▸ **Task description**
In the listing below, find the line with "apply (rule exI, rule", then repeat exactly every line from the top through that one.

▸ **Available data**
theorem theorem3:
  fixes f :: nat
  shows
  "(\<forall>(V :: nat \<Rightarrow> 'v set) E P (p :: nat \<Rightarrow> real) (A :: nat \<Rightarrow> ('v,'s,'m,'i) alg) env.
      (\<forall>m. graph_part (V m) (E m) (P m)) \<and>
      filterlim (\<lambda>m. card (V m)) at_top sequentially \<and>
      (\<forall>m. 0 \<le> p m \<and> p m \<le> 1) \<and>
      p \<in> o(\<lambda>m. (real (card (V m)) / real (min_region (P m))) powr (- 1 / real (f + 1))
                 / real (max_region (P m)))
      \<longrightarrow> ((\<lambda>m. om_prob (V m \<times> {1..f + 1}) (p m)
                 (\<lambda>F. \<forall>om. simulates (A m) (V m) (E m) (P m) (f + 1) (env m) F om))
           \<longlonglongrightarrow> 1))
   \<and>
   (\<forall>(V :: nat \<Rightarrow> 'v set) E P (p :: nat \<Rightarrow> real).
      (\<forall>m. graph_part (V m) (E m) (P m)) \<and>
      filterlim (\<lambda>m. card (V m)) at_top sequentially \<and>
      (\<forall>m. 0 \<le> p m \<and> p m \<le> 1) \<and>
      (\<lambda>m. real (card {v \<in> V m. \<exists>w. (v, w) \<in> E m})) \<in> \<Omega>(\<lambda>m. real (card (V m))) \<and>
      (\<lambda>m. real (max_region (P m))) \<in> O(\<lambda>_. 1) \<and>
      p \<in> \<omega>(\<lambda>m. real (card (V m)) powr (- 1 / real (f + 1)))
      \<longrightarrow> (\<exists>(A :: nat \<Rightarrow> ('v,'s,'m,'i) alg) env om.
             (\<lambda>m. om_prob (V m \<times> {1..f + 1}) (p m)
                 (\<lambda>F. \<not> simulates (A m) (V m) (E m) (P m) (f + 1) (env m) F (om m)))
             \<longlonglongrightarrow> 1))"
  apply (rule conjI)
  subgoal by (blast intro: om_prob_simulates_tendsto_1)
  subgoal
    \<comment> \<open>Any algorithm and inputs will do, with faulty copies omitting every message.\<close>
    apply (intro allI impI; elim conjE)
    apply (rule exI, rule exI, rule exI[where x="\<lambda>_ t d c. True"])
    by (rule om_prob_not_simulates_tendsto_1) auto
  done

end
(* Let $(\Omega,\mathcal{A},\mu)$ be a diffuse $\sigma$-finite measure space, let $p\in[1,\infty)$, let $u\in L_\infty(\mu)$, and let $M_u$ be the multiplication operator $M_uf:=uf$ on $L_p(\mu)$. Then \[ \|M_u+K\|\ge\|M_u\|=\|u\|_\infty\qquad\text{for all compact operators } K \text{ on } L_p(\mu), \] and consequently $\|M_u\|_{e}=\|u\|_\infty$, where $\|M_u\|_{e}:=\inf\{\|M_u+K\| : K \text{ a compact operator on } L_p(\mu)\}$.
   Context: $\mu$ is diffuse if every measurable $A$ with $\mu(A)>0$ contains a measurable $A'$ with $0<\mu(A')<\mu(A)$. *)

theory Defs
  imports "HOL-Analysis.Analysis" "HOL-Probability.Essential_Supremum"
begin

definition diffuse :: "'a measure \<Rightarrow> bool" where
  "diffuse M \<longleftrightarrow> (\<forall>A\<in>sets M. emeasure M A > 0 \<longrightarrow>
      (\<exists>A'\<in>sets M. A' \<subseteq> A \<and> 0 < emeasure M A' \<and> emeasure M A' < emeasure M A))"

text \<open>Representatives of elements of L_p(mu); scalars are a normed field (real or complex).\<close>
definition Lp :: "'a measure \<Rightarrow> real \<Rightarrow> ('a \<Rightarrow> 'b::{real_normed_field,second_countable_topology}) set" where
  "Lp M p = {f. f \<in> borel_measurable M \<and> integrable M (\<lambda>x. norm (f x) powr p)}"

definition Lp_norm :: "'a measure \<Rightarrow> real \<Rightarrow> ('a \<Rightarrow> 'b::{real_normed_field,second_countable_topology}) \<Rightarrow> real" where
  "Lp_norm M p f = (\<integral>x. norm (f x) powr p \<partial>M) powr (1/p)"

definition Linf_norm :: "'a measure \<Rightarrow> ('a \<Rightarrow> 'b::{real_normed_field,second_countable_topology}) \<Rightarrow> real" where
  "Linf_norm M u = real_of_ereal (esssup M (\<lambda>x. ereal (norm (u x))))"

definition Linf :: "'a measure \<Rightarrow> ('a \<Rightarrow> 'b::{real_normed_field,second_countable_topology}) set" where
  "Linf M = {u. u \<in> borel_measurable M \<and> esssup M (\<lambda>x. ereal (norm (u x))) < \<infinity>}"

▸ **Worked solution**
theorem theorem3:
  fixes f :: nat
  shows
  "(\<forall>(V :: nat \<Rightarrow> 'v set) E P (p :: nat \<Rightarrow> real) (A :: nat \<Rightarrow> ('v,'s,'m,'i) alg) env.
      (\<forall>m. graph_part (V m) (E m) (P m)) \<and>
      filterlim (\<lambda>m. card (V m)) at_top sequentially \<and>
      (\<forall>m. 0 \<le> p m \<and> p m \<le> 1) \<and>
      p \<in> o(\<lambda>m. (real (card (V m)) / real (min_region (P m))) powr (- 1 / real (f + 1))
                 / real (max_region (P m)))
      \<longrightarrow> ((\<lambda>m. om_prob (V m \<times> {1..f + 1}) (p m)
                 (\<lambda>F. \<forall>om. simulates (A m) (V m) (E m) (P m) (f + 1) (env m) F om))
           \<longlonglongrightarrow> 1))
   \<and>
   (\<forall>(V :: nat \<Rightarrow> 'v set) E P (p :: nat \<Rightarrow> real).
      (\<forall>m. graph_part (V m) (E m) (P m)) \<and>
      filterlim (\<lambda>m. card (V m)) at_top sequentially \<and>
      (\<forall>m. 0 \<le> p m \<and> p m \<le> 1) \<and>
      (\<lambda>m. real (card {v \<in> V m. \<exists>w. (v, w) \<in> E m})) \<in> \<Omega>(\<lambda>m. real (card (V m))) \<and>
      (\<lambda>m. real (max_region (P m))) \<in> O(\<lambda>_. 1) \<and>
      p \<in> \<omega>(\<lambda>m. real (card (V m)) powr (- 1 / real (f + 1)))
      \<longrightarrow> (\<exists>(A :: nat \<Rightarrow> ('v,'s,'m,'i) alg) env om.
             (\<lambda>m. om_prob (V m \<times> {1..f + 1}) (p m)
                 (\<lambda>F. \<not> simulates (A m) (V m) (E m) (P m) (f + 1) (env m) F (om m)))
             \<longlonglongrightarrow> 1))"
  apply (rule conjI)
  subgoal by (blast intro: om_prob_simulates_tendsto_1)
  subgoal
    \<comment> \<open>Any algorithm and inputs will do, with faulty copies omitting every message.\<close>
    apply (intro allI impI; elim conjE)
    apply (rule exI, rule exI, rule exI[where x="\<lambda>_ t d c. True"])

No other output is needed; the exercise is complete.